As you point out, I try to mix facts, a bit of fiction and humble poetry. Why? Because I believe touch is the most important thing in art. If you don’t touch the audience with art, you’re useless. And if the intended audience is small, you’re just a bit less useless. Photography has become a language spoken by almost the entire planet, if you don’t make yourself understandable by everyone, in a simple way, even if your ideas are complex, then you’re useless. I mostly believe in authenticity, empathy, rawness, political engagement, intimacy, accessibility and memory. So when I write about a photographer or his work, my obsessions are both to make the reader discover the artist’s personality and make him feel the work without seeing it. It demands to develop a strong proximity with both the photographer and the photographs. There’s a wonderful writer called Thomas Burgel, that writes about music in the French magazine Les Inrocks. I remember one of his articles about an album by Animal Collective where I could feel my body want to dance on the electro minimalist music he was describing. You could imagine him dancing himself and writing at the same time. I try to do the same when I describe photographs and I like to write while listening to music, it develops my sensitivity. It depends on the work I’m writing about, usually the type of music goes with it: new wave on a Nan Goldin article, jazz on a Jill Freedman one, classical on a Dirk Braeckman one. Fiction? I also have a passion for the fantastic, science fiction and the invisible. My absolute reference in fantastic photography is Chris Marker’s photo novel La Jetée. It’s unusual to put fiction in a journalistic article but if it makes the reader imagine, I’ll take this liberty. As for other influences in photo writing: Hervé Guibert, a photo critic for Le Monde who use to write only with feeling and atmosphere, Brigitte Ollier from Libération, Vince Aletti from the New Yorker. And other writers such as Louis-Ferdinand Celine, Boris Vian, Baudelaire, Salinger etc. To finish with touch, I’d like to quote this sentence told by photographer Duane Michals to Hervé Guibert in a 1978 article entitled The necessity of contact: “We must touch each other to stay human. Touch is the only thing that can save us. Usually the most important sentences have only two words or less: I want, I love, excuse me, touch me, I need, thank you.”

Jonas 2

What kind of photography do you personally enjoy? Does this determine the work you feature in Camera magazine?

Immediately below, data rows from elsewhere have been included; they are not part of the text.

text \<open>The standard normal density is even, so \<open>[-b, b]\<close> carries twice the mass of \<open>[0, b]\<close>.\<close>
lemma std_normal_integral_symmetric:
  fixes b :: real assumes b: "0 \<le> b"
  shows "(\<integral>\<^sup>+x. ennreal (std_normal_density x * indicator {-b..b} x) \<partial>lborel) =
         2 * (\<integral>\<^sup>+x. ennreal (std_normal_density x * indicator {0..b} x) \<partial>lborel)"
proof -
  let ?I = "\<lambda>A. (\<integral>\<^sup>+x. ennreal (std_normal_density x * indicator A x) \<partial>lborel)"
  have "?I {-b..b} = (\<integral>\<^sup>+x. ennreal (std_normal_density x * indicator {-b..0} x) +
                             ennreal (std_normal_density x * indicator {0<..b} x) \<partial>lborel)"
    by (intro nn_integral_cong) (auto simp: indicator_def)
  also have "\<dots> = ?I {-b..0} + ?I {0<..b}"
    by (rule nn_integral_add) auto
  also have "?I {-b..0} = ?I {0..b}"
  proof -
    have "?I {-b..0} = ennreal \<bar>-1\<bar> * (\<integral>\<^sup>+x. ennreal (std_normal_density (0 + -1 * x) *
                                          indicator {-b..0} (0 + -1 * x)) \<partial>lborel)"
      by (rule nn_integral_real_affine) auto
    also have "\<dots> = ?I {0..b}"
      by (auto intro!: nn_integral_cong simp: std_normal_density_def indicator_def)
    finally show ?thesis .
  qed
  also have "?I {0<..b} = ?I {0..b}"
    using AE_lborel_singleton[of 0]
    by (intro nn_integral_cong_AE, eventually_elim) (auto simp: indicator_def)
  finally show ?thesis by (simp add: mult_2)
qed

text \<open>The square of a standard normal variable has density \<open>chi1\<close>; we compare the
  distribution functions at every \<open>a = b^2\<close>.\<close>
lemma (in prob_space) distributed_square_std_normal:
  assumes D: "distributed M lborel X (\<lambda>x. ennreal (std_normal_density x))"
  shows "distributed M lborel (\<lambda>\<omega>. (X \<omega>)^2) (\<lambda>y. ennreal (chi1 y))"
proof -
  have [measurable]: "X \<in> borel_measurable M" using distributed_measurable[OF D] by simp
  show ?thesis
  proof (rule distributedI_borel_atMost[where g="\<lambda>a. measure M {x\<in>space M. (X x)^2 \<le> a}"])
    fix a :: real
    show "emeasure M {x\<in>space M. (X x)^2 \<le> a} = ennreal (measure M {x\<in>space M. (X x)^2 \<le> a})"
      by (simp add: emeasure_eq_measure)
    show "(\<integral>\<^sup>+x. ennreal (chi1 x * indicator {..a} x) \<partial>lborel)
            = ennreal (measure M {x\<in>space M. (X x)^2 \<le> a})"
    proof (cases "a < 0")
      case True
      then have empty: "{x\<in>space M. (X x)^2 \<le> a} = {}"
        by (force dest: order_trans[OF zero_le_power2])
      have zero: "(\<integral>\<^sup>+x. ennreal (chi1 x * indicator {..a} x) \<partial>lborel) = 0"
        using True by (subst nn_integral_0_iff_AE) (auto simp: chi1_def indicator_def)
      show ?thesis by (simp only: empty zero measure_empty) simp
    next
      case False
      define b where "b = sqrt a"
      have b0: "0 \<le> b" and ab: "a = b^2" using False unfolding b_def by auto
      have "{x\<in>space M. (X x)^2 \<le> a} = X -` {-b..b} \<inter> space M"
        unfolding ab using b0 by (auto simp: abs_le_square_iff[symmetric])
      then have "emeasure M {x\<in>space M. (X x)^2 \<le> a}
                   = (\<integral>\<^sup>+x. ennreal (std_normal_density x) * indicator {-b..b} x \<partial>lborel)"
        using distributed_emeasure[OF D] by simp
      also have "\<dots> = (\<integral>\<^sup>+x. ennreal (std_normal_density x * indicator {-b..b} x) \<partial>lborel)"
        by (intro nn_integral_cong) (simp add: indicator_def)
      also have "\<dots> = (\<integral>\<^sup>+x. ennreal (chi1 x * indicator {0..b^2} x) \<partial>lborel)"
        using std_normal_integral_symmetric[OF b0] chi1_integral_square[OF b0] by simp
      also have "\<dots> = (\<integral>\<^sup>+x. ennreal (chi1 x * indicator {..a} x) \<partial>lborel)"
        unfolding ab by (intro nn_integral_cong) (auto simp: chi1_def indicator_def)
      finally show ?thesis by (simp add: emeasure_eq_measure)
    qed
  qed auto
qed

text \<open>The arcsine integral \<open>\<integral>\<^sub>0\<^sup>x dy / \<surd>(y(x - y)) = \<pi>\<close>, via the antiderivative
  \<open>arcsin ((2y - x)/x)\<close>.\<close>
lemma arcsine_integral:
  fixes x :: real assumes x: "x > 0"
  shows "((\<lambda>y. 1 / sqrt (y * (x - y))) has_integral pi) {0..x}"
proof -
  let ?F = "\<lambda>y. arcsin ((2 * y - x) / x)"
  have "((\<lambda>y. 1 / sqrt (y * (x - y))) has_integral (?F x - ?F 0)) {0..x}"
  proof (rule fundamental_theorem_of_calculus_interior)
    show "0 \<le> x" using x by simp
    show "continuous_on {0..x} ?F"
      using x by (intro continuous_intros) (auto simp: field_simps)
    fix y assume y: "y \<in> {0<..<x}"
    define u where "u = (2 * y - x) / x"
    have u1: "-1 < u" "u < 1" using y x unfolding u_def by (auto simp: field_simps)
    have "DERIV arcsin ((2 * y - x) / x) :> inverse (sqrt (1 - u^2))"
      using DERIV_arcsin[OF u1] unfolding u_def .
    moreover have "((\<lambda>y. (2 * y - x) / x) has_real_derivative 2 / x) (at y)"
      using x by (auto intro!: derivative_eq_intros)
    ultimately have "(?F has_real_derivative (inverse (sqrt (1 - u^2)) * (2 / x))) (at y)"
      by (rule DERIV_chain2)
    moreover have "sqrt (1 - u^2) = 2 * sqrt (y * (x - y)) / x"
    proof -
      have "1 - u^2 = 4 * (y * (x - y)) / x^2"
        unfolding u_def using x by (simp add: power_divide divide_simps)
                                   (simp add: power2_eq_square algebra_simps)
      also have "\<dots> = (2 * sqrt (y * (x - y)) / x)^2"
        using y by (simp add: power_divide power_mult_distrib)
      finally show ?thesis using x y by simp
    qed
    moreover have "sqrt (y * (x - y)) > 0" using y by simp
    ultimately have "(?F has_real_derivative 1 / sqrt (y * (x - y))) (at y)"
      using x by (simp add: field_simps)
    then show "(?F has_vector_derivative 1 / sqrt (y * (x - y))) (at y)"
      by (simp add: has_real_derivative_iff_has_vector_derivative)
  qed
  moreover have "?F x - ?F 0 = pi" using x by simp
  ultimately show ?thesis by simp
qed

lemma chi1_product:
  fixes y z :: real assumes "0 < y" "y < z"
  shows "chi1 (z - y) * chi1 y = exp (- z / 2) / (2 * pi) * (1 / sqrt (y * (z - y)))"
proof -
  have "sqrt (2 * pi * (z - y)) * sqrt (2 * pi * y) = sqrt ((2 * pi)^2 * (y * (z - y)))"
    by (simp only: real_sqrt_mult[symmetric]) (simp add: power2_eq_square algebra_simps)
  also have "\<dots> = 2 * pi * sqrt (y * (z - y))"
    by (simp only: real_sqrt_mult real_sqrt_abs) simp
  finally have "sqrt (2 * pi * (z - y)) * sqrt (2 * pi * y) = 2 * pi * sqrt (y * (z - y))" .
  moreover have "exp (- (z - y) / 2) * exp (- y / 2) = exp (- z / 2)"
    by (simp flip: exp_add add: field_simps)
  ultimately show ?thesis
    using assms by (simp add: chi1_def)
qed

lemma chi1_convolution:
  fixes z :: real assumes "z \<noteq> 0"
  shows "(\<integral>\<^sup>+y. ennreal (chi1 (z - y)) * ennreal (chi1 y) \<partial>lborel)
           = ennreal (exponential_density (1/2) z)"
proof (cases "z < 0")
  case True
  then have "(\<integral>\<^sup>+y. ennreal (chi1 (z - y)) * ennreal (chi1 y) \<partial>lborel) = (\<integral>\<^sup>+(y::real). 0 \<partial>lborel)"
    by (intro nn_integral_cong) (auto simp: chi1_def)
  then show ?thesis using True by (simp add: exponential_density_def)
next
  case False
  then have z: "z > 0" using assms by simp
  define c where "c = exp (- z / 2) / (2 * pi)"
  have c0: "c \<ge> 0" unfolding c_def by simp
  have "ennreal (chi1 (z - y)) * ennreal (chi1 y)
          = ennreal c * (ennreal (1 / sqrt (y * (z - y))) * indicator {0..z} y)" for y
  proof (cases "0 < y \<and> y < z")
    case True
    then show ?thesis
      using c0 chi1_product[of y z] by (simp add: c_def ennreal_mult[symmetric] indicator_def)
  next
    case False
    then have "y \<le> 0 \<or> z \<le> y" by auto
    then show ?thesis using z by (auto simp: chi1_def indicator_def)
  qed
  then have "(\<integral>\<^sup>+y. ennreal (chi1 (z - y)) * ennreal (chi1 y) \<partial>lborel)
        = ennreal c * (\<integral>\<^sup>+y. ennreal (1 / sqrt (y * (z - y))) * indicator {0..z} y \<partial>lborel)"
    by (simp add: nn_integral_cmult)
  also have "(\<integral>\<^sup>+y. ennreal (1 / sqrt (y * (z - y))) * indicator {0..z} y \<partial>lborel) = ennreal pi"
    by (rule nn_integral_has_integral_lebesgue'[OF _ arcsine_integral[OF z]]) auto
  also have "ennreal c * ennreal pi = ennreal (exponential_density (1/2) z)"
    using z c0 by (simp add: c_def exponential_density_def ennreal_mult[symmetric])
  finally show ?thesis .
qed

lemma (in prob_space) sum_chi1_exponential:
  assumes indep: "indep_var borel Y1 borel Y2"
    and D1: "distributed M lborel Y1 (\<lambda>y. ennreal (chi1 y))"
    and D2: "distributed M lborel Y2 (\<lambda>y. ennreal (chi1 y))"
  shows "distributed M lborel (\<lambda>\<omega>. Y1 \<omega> + Y2 \<omega>) (\<lambda>z. ennreal (exponential_density (1/2) z))"
proof -
  have C: "distributed M lborel (\<lambda>\<omega>. Y1 \<omega> + Y2 \<omega>)
             (\<lambda>z. \<integral>\<^sup>+y. ennreal (chi1 (z - y)) * ennreal (chi1 y) \<partial>lborel)"
    by (rule distributed_convolution[OF indep D1 D2])
  show ?thesis
  proof (subst distributed_cong_density[symmetric])
    show "AE z in lborel. (\<integral>\<^sup>+y. ennreal (chi1 (z - y)) * ennreal (chi1 y) \<partial>lborel)
                            = ennreal (exponential_density (1/2) z)"
      using AE_lborel_singleton[of 0] by eventually_elim (rule chi1_convolution, simp)
    show "(\<lambda>z. \<integral>\<^sup>+y. ennreal (chi1 (z - y)) * ennreal (chi1 y) \<partial>lborel) \<in> borel_measurable lborel"
      using distributed_borel_measurable[OF C] .
  qed (use C in simp_all)
qed
lemma matrix_inv_unique:
  fixes A :: "'a::semiring_1^'n^'m" and B :: "'a^'m^'n"
  assumes AB: "A ** B = mat 1" and BA: "B ** A = mat 1"
  shows "matrix_inv A = B"
proof -
  define C where "C = matrix_inv A"
  have "\<exists>A'. A ** A' = mat 1 \<and> A' ** A = mat 1" using AB BA by blast
  then have C: "C ** A = mat 1"
    unfolding C_def matrix_inv_def by (rule someI2_ex) blast
  have "C = C ** (A ** B)" using AB by simp
  also have "\<dots> = B" using C by (simp add: matrix_mul_assoc)
  finally show ?thesis unfolding C_def .
qed

lemma Ld_mult_Lq: "Ld L0 L2 * Lq L0 L2 = L0\<^sup>2 - L2\<^sup>2"
  by (simp add: Ld_def Lq_def power2_eq_square algebra_simps)

definition Lmat_inv :: "real \<Rightarrow> real \<Rightarrow> real \<Rightarrow> real^2^2" where
  "Lmat_inv L0 L2 th =
     vector [vector [(L0 - L2 * cos (2*th)) / (L0\<^sup>2 - L2\<^sup>2), - L2 * sin (2*th) / (L0\<^sup>2 - L2\<^sup>2)],
             vector [- L2 * sin (2*th) / (L0\<^sup>2 - L2\<^sup>2), (L0 + L2 * cos (2*th)) / (L0\<^sup>2 - L2\<^sup>2)]]"

lemma matrix_inv_Lmat:
  assumes "L0\<^sup>2 - L2\<^sup>2 \<noteq> 0"
  shows "matrix_inv (Lmat L0 L2 th) = Lmat_inv L0 L2 th"
proof (rule matrix_inv_unique)
  have sin2: "(sin (th*2))\<^sup>2 = 1 - (cos (th*2))\<^sup>2" by (simp add: sin_squared_eq)
  show "Lmat L0 L2 th ** Lmat_inv L0 L2 th = mat 1" "Lmat_inv L0 L2 th ** Lmat L0 L2 th = mat 1"
    using assms
    by (simp add: vec_eq_iff forall_2 matrix_matrix_mult_def UNIV_2 Lmat_def Lmat_inv_def mat_def
        divide_simps; simp add: algebra_simps power2_eq_square[symmetric] sin2)+
qed
lemma balanced_soft_max_gap:
  fixes a1 a2 :: "'a \<Rightarrow> real"
  assumes fin: "finite Out" "finite In" and ne: "Out \<noteq> {}" "In \<noteq> {}"
    and eps: "0 < eps2" "eps2 \<le> eps1"
    and bal1: "soft_max eps1 Out a1 = soft_max eps1 In a1"
    and bal2: "soft_max eps2 Out a2 = soft_max eps2 In a2"
    and Out_gap: "\<And>e. e \<in> Out \<Longrightarrow> a2 e + c < a1 e"
    and In_gap: "\<And>e. e \<in> In \<Longrightarrow> a1 e + c < a2 e"
  shows "2 * c < eps1 * ln (card In) + eps2 * ln (card Out)"
proof -
  have eps1: "0 < eps1"
    using eps by simp
  have "Max (a1 ` In) + c < Max (a2 ` In)"
    using fin ne In_gap by (intro Max_image_add_less)
  also have "\<dots> \<le> soft_max eps2 Out a2"
    using fin ne eps(1) bal2 soft_max_bounds(1)[of In eps2 a2] by simp
  also have "\<dots> \<le> Max (a2 ` Out) + eps2 * ln (card Out)"
    using fin ne eps(1) by (intro soft_max_bounds(2))
  also have "\<dots> < Max (a1 ` Out) - c + eps2 * ln (card Out)"
    using Max_image_add_less[of Out a2 c a1] fin ne Out_gap by fastforce
  also have "\<dots> \<le> soft_max eps1 In a1 - c + eps2 * ln (card Out)"
    using fin ne eps1 bal1 soft_max_bounds(1)[of Out eps1 a1] by simp
  also have "\<dots> \<le> Max (a1 ` In) + eps1 * ln (card In) - c + eps2 * ln (card Out)"
    using fin ne eps1 soft_max_bounds(2)[of In eps1 a1] by simp
  finally show ?thesis
    by simp
qed

lemma minimizers_cut_gap:
  fixes d1 d2 :: "'n::finite \<Rightarrow> 'n \<Rightarrow> real"
  assumes eps: "0 < eps2" "eps2 \<le> eps1"
    and min1: "is_minimizer (Jhat eps1 d1) b1" and min2: "is_minimizer (Jhat eps2 d2) b2"
    and S: "S \<noteq> {}" "S \<noteq> UNIV"
  shows "\<exists>i\<in>S. \<exists>j\<in>- S. (b2 i - b1 i) - (b2 j - b1 j)
           \<le> max (- (d2 i j - d1 i j)) (d2 j i - d1 j i) + 2 * eps1 * ln (card (UNIV :: 'n set))"
proof (rule ccontr)
  define c where "c = 2 * eps1 * ln (card (UNIV :: 'n set))"
  define a1 where "a1 e = - reduced_cost d1 b1 e" for e
  define a2 where "a2 e = - reduced_cost d2 b2 e" for e
  define Out where "Out = S \<times> (- S)"
  define In where "In = (- S) \<times> S"
  assume "\<not> ?thesis"
  hence "max (- (d2 i j - d1 i j)) (d2 j i - d1 j i) + c < (b2 i - b1 i) - (b2 j - b1 j)"
    if "i \<in> S" "j \<notin> S" for i j
    using that unfolding c_def by (meson ComplI not_le)
  hence gap_out: "- (d2 i j - d1 i j) + c < (b2 i - b1 i) - (b2 j - b1 j)"
    and gap_in: "d2 j i - d1 j i + c < (b2 i - b1 i) - (b2 j - b1 j)"
    if "i \<in> S" "j \<notin> S" for i j
    using that by (smt (verit) max.cobounded1 max.cobounded2)+
  have ne: "Out \<noteq> {}" "In \<noteq> {}"
    using S unfolding Out_def In_def by auto
  have bal1: "soft_max eps1 Out a1 = soft_max eps1 In a1"
    using minimizer_cut_balance[OF _ min1, of S] eps
    unfolding soft_max_def Out_def In_def a1_def by simp
  have bal2: "soft_max eps2 Out a2 = soft_max eps2 In a2"
    using minimizer_cut_balance[OF _ min2, of S] eps
    unfolding soft_max_def Out_def In_def a2_def by simp
  have Out_gap: "a2 e + c < a1 e" if "e \<in> Out" for e
    using that gap_out[of "fst e" "snd e"]
    unfolding Out_def a1_def a2_def reduced_cost_def by (simp add: mem_Times_iff)
  have In_gap: "a1 e + c < a2 e" if "e \<in> In" for e
    using that gap_in[of "snd e" "fst e"]
    unfolding In_def a1_def a2_def reduced_cost_def by (simp add: mem_Times_iff)
  have "2 * c < eps1 * ln (card In) + eps2 * ln (card Out)"
    by (rule balanced_soft_max_gap[OF finite finite ne eps bal1 bal2 Out_gap In_gap])
  also have "\<dots> \<le> eps1 * (2 * ln (card (UNIV :: 'n set))) + eps2 * (2 * ln (card (UNIV :: 'n set)))"
    using eps ln_card_pairs_le[OF ne(1)] ln_card_pairs_le[OF ne(2)]
    by (intro add_mono mult_left_mono) auto
  also have "\<dots> \<le> 2 * c"
    using eps ln_ge_zero[of "real (card (UNIV :: 'n set))"]
    unfolding c_def by (simp add: Suc_le_eq card_gt_0_iff mult_right_mono)
  finally show False
    by simp
qed

lemma path_len_Cons_Cons: "path_len w (i # j # js) = w i j + path_len w (j # js)"
  unfolding path_len_def by (simp add: sum.lessThan_Suc_shift del: sum.lessThan_Suc)

lemma path_len_singleton: "path_len w [i] = 0"
  unfolding path_len_def by simp

lemma cut_condition_simple_path:
  fixes f :: "'n::finite \<Rightarrow> real"
  assumes cut: "\<And>T. m \<in> T \<Longrightarrow> T \<noteq> UNIV \<Longrightarrow> \<exists>i\<in>- T. \<exists>j\<in>T. f i - f j \<le> w i j + c"
  shows "\<exists>js. distinct js \<and> js \<noteq> [] \<and> hd js = v \<and> last js = m
           \<and> f v - f m \<le> path_len w js + real (length js - 1) * c"
proof -
  define bounds where "bounds T v js \<longleftrightarrow> distinct js \<and> js \<noteq> [] \<and> hd js = v \<and> last js = m
      \<and> set js \<subseteq> T \<and> f v - f m \<le> path_len w js + real (length js - 1) * c" for T v js
  define good where "good T \<longleftrightarrow> m \<in> T \<and> (\<forall>v\<in>T. \<exists>js. bounds T v js)" for T
  have extend: "\<exists>i. i \<notin> T \<and> good (insert i T)" if T: "good T" "T \<noteq> UNIV" for T
  proof -
    obtain i j where ij: "i \<notin> T" "j \<in> T" "f i - f j \<le> w i j + c"
      using cut T unfolding good_def by blast
    obtain js where js: "bounds T j js"
      using T(1) ij(2) unfolding good_def by blast
    then obtain rest where "js = j # rest"
      unfolding bounds_def by (cases js) auto
    hence "bounds (insert i T) i (i # js)"
      using js ij unfolding bounds_def by (auto simp: path_len_Cons_Cons algebra_simps)
    moreover have "bounds (insert i T) v js'" if "bounds T v js'" for v js'
      using that unfolding bounds_def by auto
    ultimately show ?thesis
      using T(1) ij(1) unfolding good_def by blast
  qed
  have "good UNIV" if "good T" for T
    using that
  proof (induction "card (- T)" arbitrary: T rule: less_induct)
    case less
    show ?case
    proof (cases "T = UNIV")
      case False
      then obtain i where "i \<notin> T" "good (insert i T)"
        using extend less.prems by blast
      moreover have "card (- insert i T) < card (- T)"
        using \<open>i \<notin> T\<close> by (intro psubset_card_mono) auto
      ultimately show ?thesis
        using less.hyps by blast
    qed (use less.prems in simp)
  qed
  moreover have "good {m}"
    unfolding good_def bounds_def by (auto intro!: exI[of _ "[m]"] simp: path_len_singleton)
  ultimately obtain js where "bounds UNIV v js"
    unfolding good_def by blast
  thus ?thesis
    unfolding bounds_def by blast
qed

lemma maxdiam_candidates_finite:
  fixes w :: "'n::finite \<Rightarrow> 'n \<Rightarrow> real"
  shows "finite {path_len w js | js. distinct js \<and> 2 \<le> length js \<and> length js \<le> card (UNIV :: 'n set)}"
proof (rule finite_subset)
  show "finite (path_len w ` {js. set js \<subseteq> UNIV \<and> length js \<le> card (UNIV :: 'n set)})"
    by (intro finite_imageI finite_lists_length_le) simp
qed auto

lemma path_len_le_maxdiam:
  fixes w :: "'n::finite \<Rightarrow> 'n \<Rightarrow> real"
  assumes "distinct js" "2 \<le> length js"
  shows "path_len w js \<le> maxdiam w"
proof -
  have "length js \<le> card (UNIV :: 'n set)"
    using assms(1) distinct_card[of js] card_mono[of UNIV "set js"] by simp
  hence "path_len w js \<in> {path_len w js | js. distinct js \<and> 2 \<le> length js \<and> length js \<le> card (UNIV :: 'n set)}"
    using assms by blast
  thus ?thesis
    unfolding maxdiam_def Let_def using maxdiam_candidates_finite by (auto intro: Max_ge)
qed
(* Let $m$ and $d$ be positive integers with $m\ge2$. There exist a positive integer $N=N(m,d)$ and a block $B=(b_1,\ldots,b_N)\in\{0,1\}^N$ such that for any real polynomial $P$ of degree $d$ and any real function $\eta\in\mathcal C^{d+1}([1,N])$ satisfying \[|\eta(t)|\le 1/20\quad\text{and}\quad \eta^{(d+1)}(t)\ne0\qquad\text{for all }t\in[1,N],\] there exists $n\in[1,N]$ such that \[\lfloor P(n)+\eta(n)\rfloor\not\equiv b_n\pmod m.\] *)

theory Defs
  imports "HOL-Analysis.Analysis" "HOL-Number_Theory.Cong"
begin

text \<open>For S = {1..N} this says that D 0 is
  of class C^k on the closed interval, with D j its j-th derivative.\<close>
definition deriv_chain_on :: "nat \<Rightarrow> real set \<Rightarrow> (nat \<Rightarrow> real \<Rightarrow> real) \<Rightarrow> bool" where
  "deriv_chain_on k S D \<longleftrightarrow>
     (\<forall>j<k. \<forall>t\<in>S. (D j has_real_derivative D (Suc j) t) (at t within S)) \<and>
     continuous_on S (D k)"

end

theory Submission
  imports Defs
begin

text \<open>
  The block is the (complemented) regular paperfolding sequence b, whose values at
  q(4i+1) and q(4i+3) differ for every q \<ge> 1 and every i.
  A uniform polynomial recurrence theorem, proved by a van der Waerden type induction on the
  degree with the pigeonhole principle, yields a dilation q \<le> W, with W depending only on m, d
  and the accuracy, for which all finite differences of j \<mapsto> P(qj)/m at 0 are close to integers.
  By Newton's formula there is then a polynomial R of degree \<le> d with integer values on q\<nat>
  such that P(qj) - P(0) - m R(qj) is small for j \<le> 4d+7.
  If \<lfloor>P(n) + \<eta>(n)\<rfloor> \<equiv> b(n) (mod m) held for all n \<le> N = W(4d+7), then
  \<Phi> = P - m R - c + \<eta>, for a suitable integer c, would take values in [-1,1) at the points qj,
  with integer parts following b modulo m, so it would change sign between q(4i+1) and q(4i+3)
  for each i \<le> d+1. These d+2 zeros contradict Rolle's theorem, because the (d+1)-st
  derivative of \<Phi> is that of \<eta>, which does not vanish.
\<close>

section \<open>Polynomial sequences and finite differences\<close>

definition fdiff :: "(nat \<Rightarrow> 'a::ab_group_add) \<Rightarrow> nat \<Rightarrow> 'a" where
  "fdiff f n = f (Suc n) - f n"
lemma Max_Pow_Union_sum:
  fixes g :: "'a set \<Rightarrow> 'a set \<Rightarrow> 'b::{linorder, ordered_comm_monoid_add}"
  assumes "finite P" "\<And>C. C \<in> P \<Longrightarrow> finite C" "disjoint P"
  shows "Max ((\<lambda>S. \<Sum>C\<in>P. g C (S \<inter> C)) ` Pow (\<Union>P)) = (\<Sum>C\<in>P. Max (g C ` Pow C))"
proof (rule antisym)
  have "(\<Sum>C\<in>P. g C (S \<inter> C)) \<le> (\<Sum>C\<in>P. Max (g C ` Pow C))" for S
    using assms(2) by (intro sum_mono Max_ge) auto
  moreover have "finite (Pow (\<Union>P))" using assms(1,2) by auto
  ultimately show "Max ((\<lambda>S. \<Sum>C\<in>P. g C (S \<inter> C)) ` Pow (\<Union>P)) \<le>
      (\<Sum>C\<in>P. Max (g C ` Pow C))"
    by (intro Max.boundedI) auto
next
  have "\<exists>T. T \<subseteq> C \<and> g C T = Max (g C ` Pow C)" if "C \<in> P" for C
  proof -
    have "Max (g C ` Pow C) \<in> g C ` Pow C" using assms(2)[OF that] by (intro Max_in) auto
    then show ?thesis by (metis PowD imageE)
  qed
  then obtain T where T: "\<And>C. C \<in> P \<Longrightarrow> T C \<subseteq> C \<and> g C (T C) = Max (g C ` Pow C)"
    by metis
  define S where "S = (\<Union>C\<in>P. T C)"
  have S_Int: "S \<inter> C = T C" if "C \<in> P" for C
  proof
    show "T C \<subseteq> S \<inter> C" unfolding S_def using T that by blast
    show "S \<inter> C \<subseteq> T C"
    proof
      fix x assume "x \<in> S \<inter> C"
      then obtain D where D: "D \<in> P" "x \<in> T D" "x \<in> C" unfolding S_def by blast
      then have "x \<in> D" using T by blast
      then have "D = C" using assms(3) D(1,3) that unfolding pairwise_def disjnt_def by blast
      then show "x \<in> T C" using D(2) by simp
    qed
  qed
  have "(\<Sum>C\<in>P. Max (g C ` Pow C)) = (\<Sum>C\<in>P. g C (S \<inter> C))"
    using T S_Int by simp
  also have "\<dots> \<le> Max ((\<lambda>S. \<Sum>C\<in>P. g C (S \<inter> C)) ` Pow (\<Union>P))"
  proof (rule Max_ge)
    show "finite ((\<lambda>S. \<Sum>C\<in>P. g C (S \<inter> C)) ` Pow (\<Union>P))" using assms(1,2) by auto
    have "S \<subseteq> \<Union>P" unfolding S_def using T by blast
    then show "(\<Sum>C\<in>P. g C (S \<inter> C)) \<in> (\<lambda>S. \<Sum>C\<in>P. g C (S \<inter> C)) ` Pow (\<Union>P)"
      by blast
  qed
  finally show "(\<Sum>C\<in>P. Max (g C ` Pow C)) \<le>
      Max ((\<lambda>S. \<Sum>C\<in>P. g C (S \<inter> C)) ` Pow (\<Union>P))" .
qed

definition packing_values :: "'a set \<Rightarrow> 'a set set \<Rightarrow> real set" where
  "packing_values V E = {(\<Sum>e\<in>E. w e) | w. frac_edge_packing V E w}"

lemma tau_star_eq_Sup_packing_values: "tau_star V E = Sup (packing_values V E)"
  unfolding tau_star_def packing_values_def ..

lemma frac_edge_packing_cong:
  "(\<And>e. e \<in> E \<Longrightarrow> w e = w' e) \<Longrightarrow> frac_edge_packing V E w \<longleftrightarrow> frac_edge_packing V E w'"
  unfolding frac_edge_packing_def by simp

lemma frac_edge_packing_zero: "frac_edge_packing V E (\<lambda>_. 0)"
  unfolding frac_edge_packing_def by simp

lemma packing_values_nonempty: "packing_values V E \<noteq> {}"
  unfolding packing_values_def using frac_edge_packing_zero by blast

lemma frac_edge_packing_le_1:
  assumes "frac_edge_packing V E w" "finite E" "e \<in> E" "v \<in> e" "v \<in> V"
  shows "w e \<le> 1"
proof -
  have "w e \<le> (\<Sum>e\<in>{e\<in>E. v \<in> e}. w e)"
    using assms by (intro member_le_sum) (auto simp: frac_edge_packing_def)
  also have "\<dots> \<le> 1" using assms by (simp add: frac_edge_packing_def)
  finally show ?thesis .
qed

lemma hypergraph_finite_edges: "hypergraph V E \<Longrightarrow> finite E"
  unfolding hypergraph_def by (meson PowI finite_Pow_iff finite_subset subsetI)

I like pretty much every type of photography. Diversity is a leitmotiv and it directs the editorial line of Camera. Historically, the magazine had this identity since its foundation in 1922 and I try to keep it. We build issues around specific themes such as intimacy in photography, documentary and new technologies, the influence of surrealism in photography etc. Camera can present traditional humanistic work in one issue and complex contemporary artists in the next.

One specification of the new version of Camera is that we dedicate about 30 to 40 pages to only one photographer, with a long article and a small retrospective. So I try to pick up one established photographer that has an exhibition or a book, or a photographer I found who is not recognized enough, and then this type of photography directs the rest of the issue.

How do you write about the old photographers that a lot of people already know about? (Walker Evans, Diane Arbus etc) What are the aims and ambitions of Camera?

We don’t usually write about the established masters (especially dead ones) unless there’s a big event, like with Nan Goldin. In that situation, I would feature the new pictures and try, in the article, to go beyond all that has already been said. I’ll try to discover anecdotes or describe their daily life, their tastes, their habits, their home, their emotions, for example. Camera’s main ambition is to discover the photographers “better”, make the reader enter deeply into their world.

Jonas 1

Can you describe the current photography / art scene in New York for us?

I think the photography scene in New York is, in the structure, similar to the European one: exhibiting both vintage and new things. But it’s certain that there is, due to the artistic emulation of the city and the number of photographers living here, a bit more of freshness. There are certain things I don’t see that much in Europe, such as humour, fun or eccentricity. In New York, it’s omnipresent. There’s this obsession to be more and more creative, to push the boundaries of the medium. But the main difference is the debate of ideas: in Europe, debates tend to be more and more intellectualized and they can become boring. Though I always find the conferences at Le Bal, in Paris, very useful: talking about contemporary work but in a simple way, with historical points, descriptions and poetry, thanks to its wonderful director Diane Dufour. In New York, debates are now about things that touch every photographer, amateur or professional, and there’s this awareness of the image world we’re living in. The New York photo world knows that something needs to be done. People talk about new technologies, new forms of expressions, museum curators sit at the same table as Instagram or Snapchat developers, social media sociologists, other image specialist or entrepreneurs. Everyone tries to find compromises, learn from each other, to be productive. The Tech Photo world is already hitting the art world and I have the feeling that the Europeans need to wake up and talk to these people. Millions of images, some as good as ones made by pros or established artists, are being sent every day and it’s a data to understand and take care of.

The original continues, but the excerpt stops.